# Who makes the best rubber replacement tracks?



## YTC (Aug 28, 2011)

What do you guys think?


----------



## tgeb (Feb 9, 2006)

For what....it makes a difference.


Thanks for introducing yourself.


----------



## YTC (Aug 28, 2011)

Hi, My name is Chris Schomaker. We operate in southern WV. The machine is a 334 Bobcat. Thanks


----------



## woodchuck2 (Feb 27, 2008)

http://prowlertracks.com/rubber-tracks-prowler.htm

Check out the testimonials.


----------



## tgeb (Feb 9, 2006)

Mclaren makes some good products.

http://mclarenusa.com/

I own a pair of over the tire tracks from them, I was happy with the performance. I've not had to buy replacement tracks for my Mini Ex.
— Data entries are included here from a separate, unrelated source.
lemma one_slice_bendR:
  assumes X: "csort X = Some (Suc a, b)" and Y: "csort Y = Some (a, b)"
    and slice: "one_slice (den X) = den Y" and j: "j < b"
  shows "one_slice (den (bendR j (Suc a) b X)) = den (bendR j a b Y)"
proof (rule set_eqI, clarify)
  fix x y
  note sY = one_slice_eq_iff[OF slice, symmetric]
  have "(x, y) \<in> one_slice (den (bendR j (Suc a) b X)) \<longleftrightarrow>
      (\<exists>u v. (u, v) \<in> den X \<and> 1 # x = u @ [v ! j] \<and> y = take j v @ drop (Suc j) v)"
    by (simp only: mem_one_slice mem_den_bendR[OF X j])
  also have "\<dots> \<longleftrightarrow> (\<exists>u v. (u, v) \<in> den Y \<and> x = u @ [v ! j] \<and> y = take j v @ drop (Suc j) v)"
  proof
    assume "\<exists>u v. (u, v) \<in> den X \<and> 1 # x = u @ [v ! j] \<and> y = take j v @ drop (Suc j) v"
    then obtain u v where h: "(u, v) \<in> den X" "1 # x = u @ [v ! j]" "y = take j v @ drop (Suc j) v"
      by blast
    moreover have "length u = Suc a"
      using den_length[OF X h(1)] by simp
    then obtain u' where "u = 1 # u'"
      using h(2) by (cases u) auto
    ultimately show "\<exists>u v. (u, v) \<in> den Y \<and> x = u @ [v ! j] \<and> y = take j v @ drop (Suc j) v"
      using sY by auto
  next
    assume "\<exists>u v. (u, v) \<in> den Y \<and> x = u @ [v ! j] \<and> y = take j v @ drop (Suc j) v"
    then show "\<exists>u v. (u, v) \<in> den X \<and> 1 # x = u @ [v ! j] \<and> y = take j v @ drop (Suc j) v"
      using sY by (metis append_Cons)
  qed
  also have "\<dots> \<longleftrightarrow> (x, y) \<in> den (bendR j a b Y)"
    by (simp only: mem_den_bendR[OF Y j])
  finally show "(x, y) \<in> one_slice (den (bendR j (Suc a) b X)) \<longleftrightarrow> (x, y) \<in> den (bendR j a b Y)" .
qed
There is always original equipment, but that can be expensive.

Thanks for the intro Chris, beautiful area south WV. Welcome to the site.


----------



## ohiohomedoctor (Dec 26, 2010)

I know this is off topic but re treading semi tires should be illegal. I am so tired of those darn tires hitting my new truck!


----------



## woodchuck2 (Feb 27, 2008)

ohiohomedoctor said:


> I know this is off topic but re treading semi tires should be illegal. I am so tired of those darn tires hitting my new truck!


Why are you running retreads on a new truck?


----------



## ohiohomedoctor (Dec 26, 2010)

woodchuck2 said:


> Why are you running retreads on a new truck?


The semis failed retreads keep hitting my truck.


----------



## YTC (Aug 28, 2011)

Thanks for the info and the welcome. I hate to have to buy a set but I have gotten almost every penny out of these.


----------